Isaacs took a prominent part in the first equal suffrage movement in Washington Territory days. Under the guidance of Abigail Scott Duniway of Portland, Oregon, a lifelong friend and coworker, Isaacs was instrumental in securing from Congress a "head" for the "headless" Suffrage bill passed by the Legislature of the Washington Territory in 1885, later declared unconstitutional by Judge George Turner. Isaacs served as president of the Walla Walla Woman's Suffrage Club at a time when such clubs were not at all popular in general opinion. Their home, "Brookside", was referred to frequently as "the cradle of equal suffrage in Washington". In her suffrage activities, Isaacs was backed by her husband who, as a member of the state legislature, in 1886, introduced a woman's suffrage measure into the House.
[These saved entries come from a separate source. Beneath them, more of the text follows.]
(* Let ${\mathbf{X}}={\mathbf{U}}_0{\mathbf{V}}_0^T$ with ${\mathbf{U}}_0\in\mathbb{R}_+^{m\times r}$, ${\mathbf{V}}_0\in\mathbb{R}_+^{n\times r}$ of full column rank $r\le\min\{m,n\}$. Let ${\mathbf{A}}_1\in\mathbb{R}^{r\times m}$, ${\mathbf{A}}_2\in\mathbb{R}^{n\times r}$ be such that ${\mathbf{A}}_1{\mathbf{X}}{\mathbf{A}}_2$ is invertible. Let $\lambda_1,\lambda_2>0$, $\sigma_1,\sigma_2\ge0$, and let $(\tilde{\mathbf{U}},\tilde{\mathbf{V}})$ be any minimizer over ${\mathbf{U}}\in\mathbb{R}_+^{m\times r},{\mathbf{V}}\in\mathbb{R}_+^{n\times r}$ of $$L({\mathbf{U}},{\mathbf{V}})+\sigma_1\|\mathbf{1}_m^T({\mathbf{X}}-{\mathbf{U}}{\mathbf{V}}^T)\|_2^2+\sigma_2\|({\mathbf{X}}-{\mathbf{U}}{\mathbf{V}}^T)\mathbf{1}_n\|_2^2,$$ where $L({\mathbf{U}},{\mathbf{V}})=\|{\mathbf{A}}_1({\mathbf{X}}-{\mathbf{U}}{\mathbf{V}}^T)\|_F^2+\|({\mathbf{X}}-{\mathbf{U}}{\mathbf{V}}^T){\mathbf{A}}_2\|_F^2+\lambda_1\|({\mathbf{I}}_m-\mathbf{P}_1){\mathbf{U}}{\mathbf{V}}^T\|_F^2+\lambda_2\|{\mathbf{U}}{\mathbf{V}}^T({\mathbf{I}}_n-\mathbf{P}_2)\|_F^2$, with $\mathbf{P}_1$ the orthogonal projection onto the column space of ${\mathbf{X}}{\mathbf{A}}_2$ and $\mathbf{P}_2$ the orthogonal projection onto the row space of ${\mathbf{A}}_1{\mathbf{X}}$. Then ${\mathbf{X}}=\tilde{\mathbf{U}}\tilde{\mathbf{V}}^T$.
   Context: $\mathbb{R}_+^{a\times b}$ denotes the set of $a\times b$ entrywise nonnegative matrices; $\mathbf{1}_m\in\mathbb{R}^m$ is the all-ones vector. $\|\cdot\|_F$ is the Frobenius norm and $\|\cdot\|_2$ the Euclidean norm. *)

theory Defs
  imports "HOL-Analysis.Analysis"
begin

definition frob_sq :: "real^'n^'m \<Rightarrow> real" where
  "frob_sq A = (\<Sum>i\<in>UNIV. \<Sum>j\<in>UNIV. (A $ i $ j)^2)"

definition nonneg_mat :: "real^'n^'m \<Rightarrow> bool" where
  "nonneg_mat A \<longleftrightarrow> (\<forall>i j. 0 \<le> A $ i $ j)"

definition ones :: "real^'n" where
  "ones = (\<chi> i. 1)"

definition orth_proj :: "(real^'n) set \<Rightarrow> real^'n^'n" where
  "orth_proj S = matrix (\<lambda>x. THE p. p \<in> S \<and> (\<forall>y\<in>S. (x - p) \<bullet> y = 0))"

end

theory Submission
  imports Defs
begin

text \<open>
  Since \<open>X\<close> has rank at most \<open>r\<close> and \<open>A\<^sub>1 X A\<^sub>2\<close> is an invertible \<open>r \<times> r\<close> matrix, \<open>X\<close> and
  \<open>X A\<^sub>2\<close> have the same column space, and \<open>X\<close> and \<open>A\<^sub>1 X\<close> the same row space. Hence both
  projection penalties vanish at \<open>(U\<^sub>0, V\<^sub>0)\<close>, the objective is \<open>0\<close> there, and every term of it
  vanishes at a minimizer: \<open>A\<^sub>1 E = 0\<close> for \<open>E = X - \<tilde>U \<tilde>V\<^sup>T\<close>, and \<open>\<tilde>U \<tilde>V\<^sup>T\<close> has its columns in the
  column space of \<open>X A\<^sub>2\<close>. So the columns of \<open>E\<close> lie in the range of \<open>X A\<^sub>2\<close> and are
  annihilated by \<open>A\<^sub>1\<close>; invertibility of \<open>A\<^sub>1 X A\<^sub>2\<close> forces \<open>E = 0\<close>.
\<close>

lemma orth_proj_exists_unique:
  fixes S :: "(real^'n) set"
  assumes S: "subspace S"
  shows "\<exists>!p. p \<in> S \<and> (\<forall>y\<in>S. (x - p) \<bullet> y = 0)"
proof -
  obtain p z where p: "p \<in> span S" and z: "\<And>w. w \<in> span S \<Longrightarrow> orthogonal z w"
    and x: "x = p + z"
    using orthogonal_subspace_decomp_exists[of S x] by blast
  have span_S: "span S = S" using S by (simp add: span_eq_iff)
  have p_proj: "p \<in> S \<and> (\<forall>y\<in>S. (x - p) \<bullet> y = 0)"
    using p z x unfolding span_S orthogonal_def by auto
  show ?thesis
  proof (rule ex1I[of _ p])
    fix q assume q: "q \<in> S \<and> (\<forall>y\<in>S. (x - q) \<bullet> y = 0)"
    have "q - p \<in> S" using q p_proj S by (simp add: subspace_diff)
    then have "(q - p) \<bullet> (q - p) = (x - p) \<bullet> (q - p) - (x - q) \<bullet> (q - p)"
      by (simp add: inner_diff_left)
    also have "\<dots> = 0" using q p_proj \<open>q - p \<in> S\<close> by simp
    finally show "q = p" by simp
  qed (fact p_proj)
qed

lemma linear_orth_proj_fun:
  fixes S :: "(real^'n) set"
  assumes S: "subspace S"
  shows "linear (\<lambda>x. THE p. p \<in> S \<and> (\<forall>y\<in>S. (x - p) \<bullet> y = 0))" (is "linear ?P")
proof -
  have P: "?P x \<in> S \<and> (\<forall>y\<in>S. (x - ?P x) \<bullet> y = 0)" for x
    by (rule theI'[OF orth_proj_exists_unique[OF S]])
  have P_eq: "p \<in> S \<Longrightarrow> \<forall>y\<in>S. (x - p) \<bullet> y = 0 \<Longrightarrow> ?P x = p" for x p
    by (rule the1_equality[OF orth_proj_exists_unique[OF S]]) simp
  show ?thesis
  proof (rule linearI)
    fix x y
    show "?P (x + y) = ?P x + ?P y"
    proof (rule P_eq)
      show "?P x + ?P y \<in> S" using P S by (simp add: subspace_add)
      show "\<forall>w\<in>S. (x + y - (?P x + ?P y)) \<bullet> w = 0"
      proof
        fix w assume "w \<in> S"
        have "x + y - (?P x + ?P y) = (x - ?P x) + (y - ?P y)" by simp
        then show "(x + y - (?P x + ?P y)) \<bullet> w = 0"
          using P \<open>w \<in> S\<close> by (simp only: inner_add_left)
      qed
    qed
  next
    fix c :: real and x
    show "?P (c *\<^sub>R x) = c *\<^sub>R ?P x"
    proof (rule P_eq)
      show "c *\<^sub>R ?P x \<in> S" using P S by (simp add: subspace_scale)
      show "\<forall>w\<in>S. (c *\<^sub>R x - c *\<^sub>R ?P x) \<bullet> w = 0"
        using P by (simp flip: scaleR_right_diff_distrib)
    qed
  qed
qed

lemma orth_proj_mult_vec:
  fixes S :: "(real^'n) set"
  assumes "subspace S"
  shows "orth_proj S *v x = (THE p. p \<in> S \<and> (\<forall>y\<in>S. (x - p) \<bullet> y = 0))"
  unfolding orth_proj_def by (simp add: matrix_works linear_orth_proj_fun[OF assms])

lemma orth_proj_in_and_orthogonal:
  fixes S :: "(real^'n) set"
  assumes "subspace S"
  shows "orth_proj S *v x \<in> S"
    and "y \<in> S \<Longrightarrow> (x - orth_proj S *v x) \<bullet> y = 0"
  using theI'[OF orth_proj_exists_unique[OF assms, of x]]
  by (simp_all add: orth_proj_mult_vec[OF assms])

lemma orth_proj_fixes:
  fixes S :: "(real^'n) set"
  assumes "subspace S" and "y \<in> S"
  shows "orth_proj S *v y = y"
  using the1_equality[OF orth_proj_exists_unique[OF assms(1)], of y] assms(2)
  by (simp add: orth_proj_mult_vec[OF assms(1)])

lemma transpose_orth_proj:
  fixes S :: "(real^'n) set"
  assumes S: "subspace S"
  shows "transpose (orth_proj S) = orth_proj S"
proof -
  let ?P = "orth_proj S"
  have "(?P *v x) \<bullet> y = x \<bullet> (?P *v y)" for x y
  proof -
    have "(?P *v x) \<bullet> y = (?P *v x) \<bullet> (?P *v y) + (y - ?P *v y) \<bullet> (?P *v x)"
      by (simp add: inner_diff_left inner_diff_right inner_commute)
    also have "\<dots> = (?P *v x) \<bullet> (?P *v y) + (x - ?P *v x) \<bullet> (?P *v y)"
      using orth_proj_in_and_orthogonal[OF S] by simp
    also have "\<dots> = x \<bullet> (?P *v y)" by (simp add: inner_diff_left)
    finally show ?thesis .
  qed
  then have "adjoint ((*v) ?P) = (*v) ?P"
    by (intro adjoint_unique) blast
  then show ?thesis
    by (simp add: adjoint_matrix matrix_eq fun_eq_iff)
qed

lemma orth_proj_complement_mult_eq_0_iff:
  fixes S :: "(real^'n) set" and M :: "real^'k^'n"
  assumes S: "subspace S"
  shows "(mat 1 - orth_proj S) ** M = 0 \<longleftrightarrow> (\<forall>v. M *v v \<in> S)"
proof -
  have "((mat 1 - orth_proj S) ** M) *v v = M *v v - orth_proj S *v (M *v v)" for v
    by (simp add: matrix_vector_mul_assoc[symmetric] matrix_vector_mult_diff_rdistrib)
  then show ?thesis
    using orth_proj_fixes[OF S] orth_proj_in_and_orthogonal(1)[OF S]
    by (simp add: matrix_eq) (metis eq_iff_diff_eq_0)
qed

lemma mult_orth_proj_complement_eq_0:
  fixes S :: "(real^'n) set" and M :: "real^'n^'k"
  assumes S: "subspace S" and rows_in: "\<And>v. transpose M *v v \<in> S"
  shows "M ** (mat 1 - orth_proj S) = 0"
proof -
  have "transpose (mat 1 - orth_proj S) = mat 1 - orth_proj S"
    using transpose_orth_proj[OF S] by (simp add: transpose_def vec_eq_iff mat_def)
  then have "transpose (M ** (mat 1 - orth_proj S)) = (mat 1 - orth_proj S) ** transpose M"
    by (simp add: matrix_transpose_mul)
  also have "\<dots> = 0"
    using orth_proj_complement_mult_eq_0_iff[OF S] rows_in by blast
  also have "\<dots> = transpose 0" by (simp add: transpose_def vec_eq_iff)
  finally show ?thesis by simp
qed

lemma span_columns_eq_range:
  fixes A :: "real^'n^'m"
  shows "span (columns A) = range ((*v) A)"
proof
  show "range ((*v) A) \<subseteq> span (columns A)"
    using matrix_vector_mult_in_columnspace by blast
  have "subspace (range ((*v) A))"
    by (rule linear_subspace_image[OF matrix_vector_mul_linear subspace_UNIV])
  moreover have "columns A \<subseteq> range ((*v) A)"
    by (auto simp: columns_image_basis)
  ultimately show "span (columns A) \<subseteq> range ((*v) A)"
    by (simp add: span_minimal)
qed

text \<open>The \<open>r \<times> r\<close> matrix \<open>C X B\<close> has full rank \<open>r \<ge> rank X\<close>, so \<open>rank (X B) = rank X\<close>.\<close>

lemma span_columns_mult_eq_range_of_invertible:
  fixes X :: "real^'n^'m" and B :: "real^'r^'n" and C :: "real^'m^'r"
  assumes rank_X: "rank X \<le> CARD('r)" and inv: "invertible (C ** X ** B)"
  shows "span (columns (X ** B)) = range ((*v) X)"
proof -
  let ?R = "range ((*v) (X ** B))" and ?T = "range ((*v) X)"
  have sub: "?R \<subseteq> ?T"
    by (auto simp: matrix_vector_mul_assoc[symmetric])
  have "rank (C ** X ** B) = CARD('r)"
    using full_rank_injective inj_matrix_vector_mult[OF inv] by blast
  moreover have "rank (C ** X ** B) \<le> rank (X ** B)"
    by (metis matrix_mul_assoc rank_mul_le_right)
  ultimately have "dim ?T \<le> dim ?R"
    using rank_X by (simp add: rank_dim_range)
  then have "span ?R = span ?T"
    using dim_eq_span[OF sub] by simp
  then show ?thesis
    by (metis span_columns_eq_range span_span)
qed

lemma eq_0_of_annihilated_in_range:
  fixes C :: "real^'m^'r" and X :: "real^'n^'m" and B :: "real^'r^'n" and E :: "real^'k^'m"
  assumes inv: "invertible (C ** X ** B)" and CE: "C ** E = 0"
    and range_E: "\<And>v. E *v v \<in> range ((*v) (X ** B))"
  shows "E = 0"
proof -
  have "E *v v = 0" for v
  proof -
    obtain c where c: "E *v v = (X ** B) *v c"
      using range_E by blast
    have "(C ** X ** B) *v c = C *v (E *v v)"
      by (simp add: c matrix_vector_mul_assoc matrix_mul_assoc)
    also have "\<dots> = (C ** X ** B) *v 0"
      using CE by (simp add: matrix_vector_mul_assoc)
    finally have "c = 0"
      using inj_matrix_vector_mult[OF inv] by (meson injD)
    then show ?thesis using c by simp
  qed
  then show ?thesis by (simp add: matrix_eq)
qed

lemma frob_sq_nonneg: "frob_sq (A :: real^'n^'m) \<ge> 0"
  unfolding frob_sq_def by (intro sum_nonneg) simp

lemma frob_sq_eq_0_iff: "frob_sq (A :: real^'n^'m) = 0 \<longleftrightarrow> A = 0"
  unfolding frob_sq_def
  by (simp add: sum_nonneg_eq_0_iff sum_nonneg vec_eq_iff)

lemma orth_proj_complements_annihilate_low_rank:
  fixes X :: "real^'n^'m" and A1 :: "real^'m^'r" and A2 :: "real^'r^'n"
  assumes rank_X: "rank X \<le> CARD('r)" and inv: "invertible (A1 ** X ** A2)"
  shows "(mat 1 - orth_proj (span (columns (X ** A2)))) ** X = 0"
    and "X ** (mat 1 - orth_proj (span (rows (A1 ** X)))) = 0"
proof -
  show "(mat 1 - orth_proj (span (columns (X ** A2)))) ** X = 0"
    using orth_proj_complement_mult_eq_0_iff[OF subspace_span, of "columns (X ** A2)" X]
      span_columns_mult_eq_range_of_invertible[OF rank_X inv] by auto
  have inv_T: "invertible (transpose A2 ** transpose X ** transpose A1)"
    using transpose_invertible[OF inv] by (simp add: matrix_transpose_mul matrix_mul_assoc)
  have "rows (A1 ** X) = columns (transpose X ** transpose A1)"
    by (simp flip: matrix_transpose_mul)
  then have "transpose X *v v \<in> span (rows (A1 ** X))" for v
    using span_columns_mult_eq_range_of_invertible[OF _ inv_T] rank_X by (auto simp: rank_transpose)
  then show "X ** (mat 1 - orth_proj (span (rows (A1 ** X)))) = 0"
    by (intro mult_orth_proj_complement_eq_0 subspace_span)
qed

lemma eq_of_annihilated_difference:
  fixes X M :: "real^'n^'m" and A1 :: "real^'m^'r" and A2 :: "real^'r^'n"
  assumes rank_X: "rank X \<le> CARD('r)" and inv: "invertible (A1 ** X ** A2)"
    and A1_diff: "A1 ** (X - M) = 0"
    and M_cols: "(mat 1 - orth_proj (span (columns (X ** A2)))) ** M = 0"
  shows "X = M"
proof -
  let ?S = "span (columns (X ** A2))"
  have "(X - M) *v v \<in> range ((*v) (X ** A2))" for v
  proof -
    have "X *v v - M *v v \<in> ?S"
      using M_cols orth_proj_complement_mult_eq_0_iff[OF subspace_span, of "columns (X ** A2)" M]
        subspace_diff[OF subspace_span, of _ "columns (X ** A2)"]
        span_columns_mult_eq_range_of_invertible[OF rank_X inv] by auto
    then show ?thesis
      by (simp add: span_columns_eq_range matrix_vector_mult_diff_rdistrib)
  qed
  then have "X - M = 0"
    by (intro eq_0_of_annihilated_in_range[OF inv A1_diff])
  then show ?thesis by simp
qed

theorem mainTheorem5:
  fixes U0 :: "real^'r^'m" and V0 :: "real^'r^'n"
    and A1 :: "real^'m^'r" and A2 :: "real^'r^'n"
    and lam1 lam2 sig1 sig2 :: real
    and X :: "real^'n^'m"
    and J :: "real^'r^'m \<Rightarrow> real^'r^'n \<Rightarrow> real"
    and Ut :: "real^'r^'m" and Vt :: "real^'r^'n"
  assumes X_def: "X = U0 ** transpose V0"
    and U0_nonneg: "nonneg_mat U0" and V0_nonneg: "nonneg_mat V0"
    and U0_rank: "rank U0 = CARD('r)" and V0_rank: "rank V0 = CARD('r)"
    and inv: "invertible (A1 ** X ** A2)"
    and lam: "lam1 > 0" "lam2 > 0"
    and sig: "sig1 \<ge> 0" "sig2 \<ge> 0"
    and J_def: "\<And>U V. J U V =
        frob_sq (A1 ** (X - U ** transpose V))
      + frob_sq ((X - U ** transpose V) ** A2)
      + lam1 * frob_sq ((mat 1 - orth_proj (span (columns (X ** A2)))) ** (U ** transpose V))
      + lam2 * frob_sq ((U ** transpose V) ** (mat 1 - orth_proj (span (rows (A1 ** X)))))
      + sig1 * (norm (ones v* (X - U ** transpose V)))^2
      + sig2 * (norm ((X - U ** transpose V) *v ones))^2"
    and Ut_nonneg: "nonneg_mat Ut" and Vt_nonneg: "nonneg_mat Vt"
    and minimizer: "\<And>U V. nonneg_mat U \<Longrightarrow> nonneg_mat V \<Longrightarrow> J Ut Vt \<le> J U V"
  shows "X = Ut ** transpose Vt"
proof -
  let ?P1 = "orth_proj (span (columns (X ** A2)))" and ?P2 = "orth_proj (span (rows (A1 ** X)))"
  let ?M = "Ut ** transpose Vt"
  have rank_X: "rank X \<le> CARD('r)"
    using rank_mul_le_left[of U0 "transpose V0"] U0_rank X_def by simp
  have "J U0 V0 = 0"
    using orth_proj_complements_annihilate_low_rank[OF rank_X inv]
    unfolding J_def X_def[symmetric] by (simp add: frob_sq_def)
  then have "J Ut Vt \<le> 0"
    using minimizer[OF U0_nonneg V0_nonneg] by simp
  moreover have "0 \<le> frob_sq ((X - ?M) ** A2) + lam2 * frob_sq (?M ** (mat 1 - ?P2))
      + sig1 * (norm (ones v* (X - ?M)))^2 + sig2 * (norm ((X - ?M) *v ones))^2"
    using lam sig by (intro add_nonneg_nonneg mult_nonneg_nonneg frob_sq_nonneg) auto
  moreover have "0 \<le> lam1 * frob_sq ((mat 1 - ?P1) ** ?M)"
    using lam by (simp add: frob_sq_nonneg)
  ultimately have "frob_sq (A1 ** (X - ?M)) = 0" and "lam1 * frob_sq ((mat 1 - ?P1) ** ?M) = 0"
    using frob_sq_nonneg[of "A1 ** (X - ?M)"] unfolding J_def by linarith+
  then show ?thesis
    using eq_of_annihilated_difference[OF rank_X inv] lam by (simp add: frob_sq_eq_0_iff)
qed

end
(* The coefficient of F_w^* in F_u^* . F_v^* counts the cuts of w after |u| letters whose two
   factors share no letter and standardise to u and v; there is at most one such cut. A word w with
   such a cut lies between u\v and u/v: exchanging the values b+1 (left of the cut) and b (right of
   it) removes exactly one inversion and keeps both standardisations, so repeating it descends to
   u\v, and the mirror exchanges ascend to u/v. Conversely, going up in the planar weak order keeps
   the equality pattern of positions and only creates position inversions. As u\v and u/v order
   the letters inside each factor alike, every w between them orders them alike too, and since u\v
   separates the letters of the two factors, so does w. *)

abbreviation adj_swap :: "nat \<Rightarrow> nat \<Rightarrow> nat" where
  "adj_swap a \<equiv> Transposition.transpose a (Suc a)"

lemma T_eq_map_adj_swap: "T a w = map (adj_swap a) w"
  by (simp add: T_def transpose_def)

lemma T_T [simp]: "T a (T a w) = w"
  by (simp add: T_eq_map_adj_swap)

lemma set_T: "a \<in> set w \<longleftrightarrow> Suc a \<in> set w \<Longrightarrow> set (T a w) = set w"
  by (simp add: T_eq_map_adj_swap)

lemma adj_swap_less: "x < y \<Longrightarrow> (x, y) \<noteq> (a, Suc a) \<Longrightarrow> adj_swap a x < adj_swap a y"
  by (auto simp: transpose_def)

lemma strict_mono_on_adj_swap: "\<not> {a, Suc a} \<subseteq> S \<Longrightarrow> strict_mono_on S (adj_swap a)"
  by (rule strict_mono_onI) (auto intro!: adj_swap_less)

lemma sum_adj_swap_image_less:
  assumes "finite S" "Suc a \<in> S" "a \<notin> S"
  shows "\<Sum> (adj_swap a ` S) < \<Sum> S"
proof -
  have "adj_swap a ` S = insert a (S - {Suc a})"
    using assms(2,3) by (auto simp: transpose_def image_iff)
  then have "\<Sum> (adj_swap a ` S) = a + \<Sum> (S - {Suc a})"
    using assms by simp
  also have "\<dots> < Suc a + \<Sum> (S - {Suc a})"
    by simp
  also have "\<dots> = \<Sum> S"
    using assms by (simp add: sum.remove)
  finally show ?thesis .
qed

lemma nth_mem_take_or_drop:
  assumes "p < length w"
  shows "w ! p \<in> (if p < k then set (take k w) else set (drop k w))"
proof (cases "p < k")
  case True
  then show ?thesis
    using assms by (metis in_set_conv_nth length_take min_less_iff_conj nth_take)
next
  case False
  then have "drop k w ! (p - k) = w ! p" "p - k < length (drop k w)"
    using assms by auto
  then show ?thesis
    using False by (metis nth_mem)
qed

lemma mem_iInv_iff:
  "(a, b) \<in> iInv w \<longleftrightarrow> a < b \<and> a \<in> set w \<and> b \<in> set w \<and>
     (\<forall>p<length w. \<forall>q<length w. w ! p = b \<longrightarrow> w ! q = a \<longrightarrow> p < q)"
proof -
  let ?P = "\<lambda>c. {p. p < length w \<and> w ! p = c}"
  have fin: "finite (?P c)" for c
    by simp
  have ne: "c \<in> set w \<Longrightarrow> ?P c \<noteq> {}" for c
    by (auto simp: in_set_conv_nth)
  have "Max (?P b) < Min (?P a) \<longleftrightarrow> (\<forall>p\<in>?P b. \<forall>q\<in>?P a. p < q)"
    if "a \<in> set w" "b \<in> set w"
    unfolding Max_less_iff[OF fin ne[OF that(2)]] Min_gr_iff[OF fin ne[OF that(1)]] by blast
  then show ?thesis
    unfolding iInv_def by blast
qed

lemma iInv_finite: "finite (iInv w)"
  by (rule finite_subset[of _ "set w \<times> set w"]) (auto simp: iInv_def)

lemma adj_swap_mem_iInv_T:
  assumes "(x, y) \<in> iInv w" "(x, y) \<noteq> (a, Suc a)"
  shows "(adj_swap a x, adj_swap a y) \<in> iInv (T a w)"
proof -
  have "x < y"
    using assms(1) by (simp add: mem_iInv_iff)
  then have "adj_swap a x < adj_swap a y"
    using assms(2) by (rule adj_swap_less)
  moreover have "T a w ! p = adj_swap a c \<longleftrightarrow> w ! p = c" if "p < length w" for p c
    using that by (auto simp: T_eq_map_adj_swap dest: transpose_eq_imp_eq)
  ultimately show ?thesis
    using assms(1) by (auto simp: mem_iInv_iff T_eq_map_adj_swap)
qed

lemma card_iInv_T_remove:
  "card (iInv (T a w) - {(a, Suc a)}) = card (iInv w - {(a, Suc a)})"
proof -
  let ?f = "map_prod (adj_swap a) (adj_swap a)"
  have into: "?f ` (iInv v - {(a, Suc a)}) \<subseteq> iInv (T a v) - {(a, Suc a)}" for v
  proof
    fix z
    assume "z \<in> ?f ` (iInv v - {(a, Suc a)})"
    then obtain x y where z: "z = (adj_swap a x, adj_swap a y)"
      and xy: "(x, y) \<in> iInv v" "(x, y) \<noteq> (a, Suc a)"
      by auto
    then have "x < y"
      by (simp add: mem_iInv_iff)
    then show "z \<in> iInv (T a v) - {(a, Suc a)}"
      using adj_swap_mem_iInv_T[OF xy] z by (auto simp: transpose_eq_iff)
  qed
  have inj: "inj_on ?f S" for S
    by (rule inj_on_subset[OF map_prod_inj_on]) (auto simp: inj_transpose)
  show ?thesis
    using card_inj_on_le[OF inj into[of w]] card_inj_on_le[OF inj into[of "T a w"]]
    by (simp add: iInv_finite)
qed

lemma pw_cover_T_across_split:
  assumes b: "b \<in> set (drop k x)" and Suc_b: "Suc b \<in> set (take k x)"
    and disj: "set (take k x) \<inter> set (drop k x) = {}"
  shows "pw_cover (T b x) x"
proof -
  have in_x: "b \<in> set x" "Suc b \<in> set x"
    using b Suc_b by (auto dest: in_set_takeD in_set_dropD)
  have "(b, Suc b) \<in> iInv x"
    unfolding mem_iInv_iff
  proof (intro conjI allI impI in_x)
    fix p q
    assume "p < length x" "q < length x" "x ! p = Suc b" "x ! q = b"
    then show "p < q"
      using nth_mem_take_or_drop[of p x k] nth_mem_take_or_drop[of q x k] b Suc_b disj
      by (auto split: if_splits)
  qed simp
  moreover have "(b, Suc b) \<notin> iInv (T b x)"
  proof -
    obtain p where p: "p < length (take k x)" "take k x ! p = Suc b"
      using Suc_b by (auto simp: in_set_conv_nth)
    obtain q where q: "q < length (drop k x)" "drop k x ! q = b"
      using b by (auto simp: in_set_conv_nth)
    have "T b x ! p = b" "T b x ! (k + q) = Suc b" "p < k + q" "k + q < length (T b x)"
      using p q by (auto simp: T_eq_map_adj_swap)
    then show ?thesis
      unfolding mem_iInv_iff by (metis less_trans not_less_iff_gr_or_eq)
  qed
  moreover have "card (iInv x) > 0"
    using calculation(1) iInv_finite card_gt_0_iff by blast
  ultimately have "card (iInv x) = card (iInv (T b x)) + 1"
    using card_iInv_T_remove[of b x] by (simp add: iInv_finite)
  then show ?thesis
    unfolding pw_cover_def using in_x by auto
qed

lemma length_pack [simp]: "length (pack a) = length a"
  by (simp add: pack_def)

lemma pack_map_strict_mono_on:
  assumes mono: "strict_mono_on S f" and "set a \<subseteq> S"
  shows "pack (map f a) = pack a"
proof -
  have "card {y \<in> f ` set a. y \<le> f x} = card {y \<in> set a. y \<le> x}" if "x \<in> set a" for x
  proof -
    have "f y \<le> f x \<longleftrightarrow> y \<le> x" if "y \<in> set a" for y
      using strict_mono_on_less_eq[OF mono] assms(2) that \<open>x \<in> set a\<close> by blast
    then have "{y \<in> f ` set a. y \<le> f x} = f ` {y \<in> set a. y \<le> x}"
      by force
    moreover have "inj_on f {y \<in> set a. y \<le> x}"
      using strict_mono_on_imp_inj_on[OF mono] assms(2) by (auto intro: inj_on_subset)
    ultimately show ?thesis
      by (simp add: card_image)
  qed
  then show ?thesis
    unfolding pack_def by simp
qed

lemma pack_eq_if_same_order:
  assumes len: "length a = length b"
    and order: "\<And>p q. p < length a \<Longrightarrow> q < length a \<Longrightarrow> a ! p < a ! q \<longleftrightarrow> b ! p < b ! q"
  shows "pack a = pack b"
proof -
  define f where "f y = b ! (SOME p. p < length a \<and> a ! p = y)" for y
  have f_nth: "f (a ! p) = b ! p" if "p < length a" for p
  proof -
    define q where "q = (SOME q. q < length a \<and> a ! q = a ! p)"
    have "q < length a \<and> a ! q = a ! p"
      unfolding q_def by (rule someI[of _ p]) (use that in simp)
    moreover have "f (a ! p) = b ! q"
      by (simp add: f_def q_def)
    ultimately show ?thesis
      using order[of p q] order[of q p] that by (metis less_irrefl not_less_iff_gr_or_eq)
  qed
  have "map f a = b"
    using len f_nth by (intro nth_equalityI) auto
  moreover have "strict_mono_on (set a) f"
    by (rule strict_mono_onI) (auto simp: in_set_conv_nth f_nth order)
  ultimately show ?thesis
    using pack_map_strict_mono_on[of "set a" f a] by simp
qed

lemma pack_eq_map_diff:
  assumes "set y = {Suc m..N}"
  shows "pack y = map (\<lambda>z. z - m) y"
proof -
  have "{w \<in> set y. w \<le> z} = {Suc m..z}" if "z \<in> set y" for z
    using assms that by auto
  then show ?thesis
    unfolding pack_def by simp
qed

lemma pack_eq_self: "set y = {1..N} \<Longrightarrow> pack y = y"
  using pack_eq_map_diff[of y 0 N] by simp

lemma pack_map_add: "pack (map (\<lambda>x. x + c) a) = pack a"
  by (rule pack_map_strict_mono_on[of UNIV]) (auto intro: strict_mono_onI)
During the campaign of 1910, she was an officer of the Washington State Suffrage Association in charge of Letter Writers.

None of her poetry was ever published, but some essays and historical sketches were printed in The Pacific Monthly, Overland, and other periodicals under various pen names, while her correspondence was extensive as historian and letter writer for some years for the Washington Equal Suffrage Association, and the National Council of Women Voters.

==Personal life==
Isaacs was one of the organizers of the Unitarian Church in Walla Walla in 1877. Later, she became a Christian Scientist, believing it a natural sequence from Unitarianism.

The Isaacs had eight children: Elizabeth, Harry, an unnamed infant, Grace, Charlotte, Edwin, Walter, and John.

Lucie Fulton Isaacs died in Walla Walla, Washington on November 20, 1916.